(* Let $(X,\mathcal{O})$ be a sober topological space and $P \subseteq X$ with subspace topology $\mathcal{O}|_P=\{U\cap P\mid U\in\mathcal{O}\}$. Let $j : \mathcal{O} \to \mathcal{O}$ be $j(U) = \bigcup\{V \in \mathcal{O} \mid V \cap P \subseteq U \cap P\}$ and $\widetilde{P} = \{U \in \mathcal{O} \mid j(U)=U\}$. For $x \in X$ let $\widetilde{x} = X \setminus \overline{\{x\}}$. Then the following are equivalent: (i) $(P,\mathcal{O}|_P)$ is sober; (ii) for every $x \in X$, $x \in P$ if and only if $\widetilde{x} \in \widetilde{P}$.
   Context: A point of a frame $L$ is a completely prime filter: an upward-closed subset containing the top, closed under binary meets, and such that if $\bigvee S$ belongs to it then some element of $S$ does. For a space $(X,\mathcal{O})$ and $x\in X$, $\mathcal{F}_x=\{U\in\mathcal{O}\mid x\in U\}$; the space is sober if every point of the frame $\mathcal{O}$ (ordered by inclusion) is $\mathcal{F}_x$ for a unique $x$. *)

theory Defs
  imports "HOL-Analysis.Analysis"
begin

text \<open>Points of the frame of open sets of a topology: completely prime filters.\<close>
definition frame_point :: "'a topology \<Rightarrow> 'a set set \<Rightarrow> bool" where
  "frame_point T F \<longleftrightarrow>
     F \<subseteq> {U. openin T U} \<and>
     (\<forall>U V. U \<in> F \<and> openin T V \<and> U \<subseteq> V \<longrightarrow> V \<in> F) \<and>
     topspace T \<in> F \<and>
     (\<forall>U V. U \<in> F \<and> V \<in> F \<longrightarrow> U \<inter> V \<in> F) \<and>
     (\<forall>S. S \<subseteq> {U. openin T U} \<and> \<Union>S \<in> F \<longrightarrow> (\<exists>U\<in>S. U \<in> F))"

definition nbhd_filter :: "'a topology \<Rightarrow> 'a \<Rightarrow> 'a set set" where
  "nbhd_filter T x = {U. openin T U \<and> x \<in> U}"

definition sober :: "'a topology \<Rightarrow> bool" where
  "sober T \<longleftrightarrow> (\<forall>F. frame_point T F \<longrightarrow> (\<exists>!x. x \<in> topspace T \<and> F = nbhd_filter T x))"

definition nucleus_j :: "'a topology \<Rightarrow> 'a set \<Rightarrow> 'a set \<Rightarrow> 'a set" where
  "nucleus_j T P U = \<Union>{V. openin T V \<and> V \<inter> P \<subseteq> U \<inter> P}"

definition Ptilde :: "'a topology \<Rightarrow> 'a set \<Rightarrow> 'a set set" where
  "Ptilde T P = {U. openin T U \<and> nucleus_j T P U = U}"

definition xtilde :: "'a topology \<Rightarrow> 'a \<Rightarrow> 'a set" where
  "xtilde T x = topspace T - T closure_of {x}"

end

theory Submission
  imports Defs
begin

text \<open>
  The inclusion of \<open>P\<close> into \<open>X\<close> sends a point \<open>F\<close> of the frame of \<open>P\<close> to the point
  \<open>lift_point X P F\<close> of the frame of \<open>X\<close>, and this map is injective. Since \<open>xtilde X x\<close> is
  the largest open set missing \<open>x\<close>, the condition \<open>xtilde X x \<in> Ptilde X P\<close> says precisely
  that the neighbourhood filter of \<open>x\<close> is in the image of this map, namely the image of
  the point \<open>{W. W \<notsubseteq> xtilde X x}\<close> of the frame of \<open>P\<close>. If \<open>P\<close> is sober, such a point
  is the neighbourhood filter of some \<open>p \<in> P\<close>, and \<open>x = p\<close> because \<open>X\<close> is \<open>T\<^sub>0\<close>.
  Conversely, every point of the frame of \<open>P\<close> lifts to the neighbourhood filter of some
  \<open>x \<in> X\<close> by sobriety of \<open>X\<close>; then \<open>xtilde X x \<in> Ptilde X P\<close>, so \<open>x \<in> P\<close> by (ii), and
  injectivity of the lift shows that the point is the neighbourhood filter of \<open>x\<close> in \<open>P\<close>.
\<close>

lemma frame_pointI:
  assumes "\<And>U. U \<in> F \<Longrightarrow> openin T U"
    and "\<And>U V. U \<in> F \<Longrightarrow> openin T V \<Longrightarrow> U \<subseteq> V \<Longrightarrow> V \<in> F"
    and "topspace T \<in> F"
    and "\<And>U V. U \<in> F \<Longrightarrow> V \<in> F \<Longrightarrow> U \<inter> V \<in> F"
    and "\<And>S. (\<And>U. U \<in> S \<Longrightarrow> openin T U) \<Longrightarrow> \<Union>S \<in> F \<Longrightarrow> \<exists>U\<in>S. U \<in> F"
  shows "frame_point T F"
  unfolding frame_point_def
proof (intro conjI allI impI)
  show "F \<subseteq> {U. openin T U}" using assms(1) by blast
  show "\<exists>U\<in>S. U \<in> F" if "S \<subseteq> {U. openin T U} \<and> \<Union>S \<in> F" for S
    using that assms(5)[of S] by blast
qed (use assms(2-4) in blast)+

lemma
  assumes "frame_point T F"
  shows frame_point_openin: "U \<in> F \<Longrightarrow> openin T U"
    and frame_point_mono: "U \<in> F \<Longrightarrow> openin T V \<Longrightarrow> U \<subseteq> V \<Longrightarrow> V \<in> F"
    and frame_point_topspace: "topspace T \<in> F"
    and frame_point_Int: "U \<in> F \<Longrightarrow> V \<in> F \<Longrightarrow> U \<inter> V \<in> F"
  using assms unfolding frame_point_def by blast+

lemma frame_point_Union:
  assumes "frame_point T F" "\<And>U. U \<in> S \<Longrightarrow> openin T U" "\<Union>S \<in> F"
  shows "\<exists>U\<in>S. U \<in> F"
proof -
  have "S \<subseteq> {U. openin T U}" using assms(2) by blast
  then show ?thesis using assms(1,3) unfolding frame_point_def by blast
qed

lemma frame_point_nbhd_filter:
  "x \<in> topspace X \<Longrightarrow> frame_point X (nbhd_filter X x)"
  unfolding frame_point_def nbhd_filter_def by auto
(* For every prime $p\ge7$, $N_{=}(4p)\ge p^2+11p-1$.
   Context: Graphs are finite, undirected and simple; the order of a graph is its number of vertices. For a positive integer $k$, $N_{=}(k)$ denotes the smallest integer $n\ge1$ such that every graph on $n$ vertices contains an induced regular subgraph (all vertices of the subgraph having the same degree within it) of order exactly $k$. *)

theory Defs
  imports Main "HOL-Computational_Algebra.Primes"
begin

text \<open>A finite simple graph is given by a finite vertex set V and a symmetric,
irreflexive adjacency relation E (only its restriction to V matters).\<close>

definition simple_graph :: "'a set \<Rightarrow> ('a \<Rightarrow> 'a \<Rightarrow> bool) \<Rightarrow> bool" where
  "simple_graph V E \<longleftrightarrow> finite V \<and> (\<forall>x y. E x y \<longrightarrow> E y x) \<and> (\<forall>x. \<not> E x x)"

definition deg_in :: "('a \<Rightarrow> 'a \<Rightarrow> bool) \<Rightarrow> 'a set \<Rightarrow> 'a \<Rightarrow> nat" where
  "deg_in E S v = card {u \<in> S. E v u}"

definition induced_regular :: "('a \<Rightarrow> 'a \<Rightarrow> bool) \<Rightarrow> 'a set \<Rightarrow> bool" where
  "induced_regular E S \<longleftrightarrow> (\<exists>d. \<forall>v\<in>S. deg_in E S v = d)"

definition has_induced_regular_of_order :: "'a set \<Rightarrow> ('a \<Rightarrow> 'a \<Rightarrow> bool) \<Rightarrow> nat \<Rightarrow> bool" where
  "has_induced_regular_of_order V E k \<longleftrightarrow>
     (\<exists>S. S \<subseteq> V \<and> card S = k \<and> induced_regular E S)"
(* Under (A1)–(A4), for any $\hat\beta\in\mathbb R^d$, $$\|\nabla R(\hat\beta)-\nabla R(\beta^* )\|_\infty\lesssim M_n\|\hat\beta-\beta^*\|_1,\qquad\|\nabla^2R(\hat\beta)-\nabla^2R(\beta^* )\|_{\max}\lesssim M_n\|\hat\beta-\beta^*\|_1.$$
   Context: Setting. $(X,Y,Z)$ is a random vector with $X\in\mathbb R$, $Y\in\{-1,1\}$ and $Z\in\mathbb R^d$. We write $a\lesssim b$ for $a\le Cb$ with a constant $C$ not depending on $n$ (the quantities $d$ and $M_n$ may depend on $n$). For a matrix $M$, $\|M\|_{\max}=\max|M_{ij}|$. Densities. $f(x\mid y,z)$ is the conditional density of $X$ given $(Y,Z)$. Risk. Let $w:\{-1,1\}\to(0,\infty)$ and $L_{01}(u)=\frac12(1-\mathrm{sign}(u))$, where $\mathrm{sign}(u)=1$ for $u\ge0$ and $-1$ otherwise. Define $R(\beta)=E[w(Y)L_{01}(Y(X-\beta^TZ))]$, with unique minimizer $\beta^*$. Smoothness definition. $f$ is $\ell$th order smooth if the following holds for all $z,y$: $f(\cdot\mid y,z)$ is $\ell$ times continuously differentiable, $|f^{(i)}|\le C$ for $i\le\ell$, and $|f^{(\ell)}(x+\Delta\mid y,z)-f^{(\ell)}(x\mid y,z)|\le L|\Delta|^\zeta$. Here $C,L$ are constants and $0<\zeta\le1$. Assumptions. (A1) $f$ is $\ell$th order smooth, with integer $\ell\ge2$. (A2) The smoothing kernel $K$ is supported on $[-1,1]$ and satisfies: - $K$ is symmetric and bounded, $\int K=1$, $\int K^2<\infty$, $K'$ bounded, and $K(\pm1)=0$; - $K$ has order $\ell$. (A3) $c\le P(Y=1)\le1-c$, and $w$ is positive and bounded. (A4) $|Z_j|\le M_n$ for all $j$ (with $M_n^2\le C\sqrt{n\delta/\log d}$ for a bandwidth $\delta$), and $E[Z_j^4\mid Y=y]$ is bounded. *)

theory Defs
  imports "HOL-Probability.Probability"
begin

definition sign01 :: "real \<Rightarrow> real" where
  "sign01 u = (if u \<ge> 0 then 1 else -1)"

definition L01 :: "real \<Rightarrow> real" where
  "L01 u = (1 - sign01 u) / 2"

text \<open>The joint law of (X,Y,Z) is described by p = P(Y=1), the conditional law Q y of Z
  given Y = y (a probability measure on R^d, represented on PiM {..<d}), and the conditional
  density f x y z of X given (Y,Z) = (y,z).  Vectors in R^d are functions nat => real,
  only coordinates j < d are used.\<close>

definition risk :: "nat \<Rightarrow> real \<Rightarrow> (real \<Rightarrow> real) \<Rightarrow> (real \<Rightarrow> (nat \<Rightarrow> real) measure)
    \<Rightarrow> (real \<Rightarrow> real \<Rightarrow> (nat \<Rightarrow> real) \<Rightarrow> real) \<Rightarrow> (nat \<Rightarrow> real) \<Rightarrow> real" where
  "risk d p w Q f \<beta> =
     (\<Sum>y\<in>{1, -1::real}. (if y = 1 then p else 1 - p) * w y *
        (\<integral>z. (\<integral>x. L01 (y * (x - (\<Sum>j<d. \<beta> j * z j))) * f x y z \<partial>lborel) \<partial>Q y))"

---

*HOW TO COMPLETE THIS TASK*:
Track down all lines above with the string "lemma" and copy them.

*WRITTEN SOLUTION*:
lemma frame_pointI:
lemma
lemma frame_point_Union:
lemma frame_point_nbhd_filter:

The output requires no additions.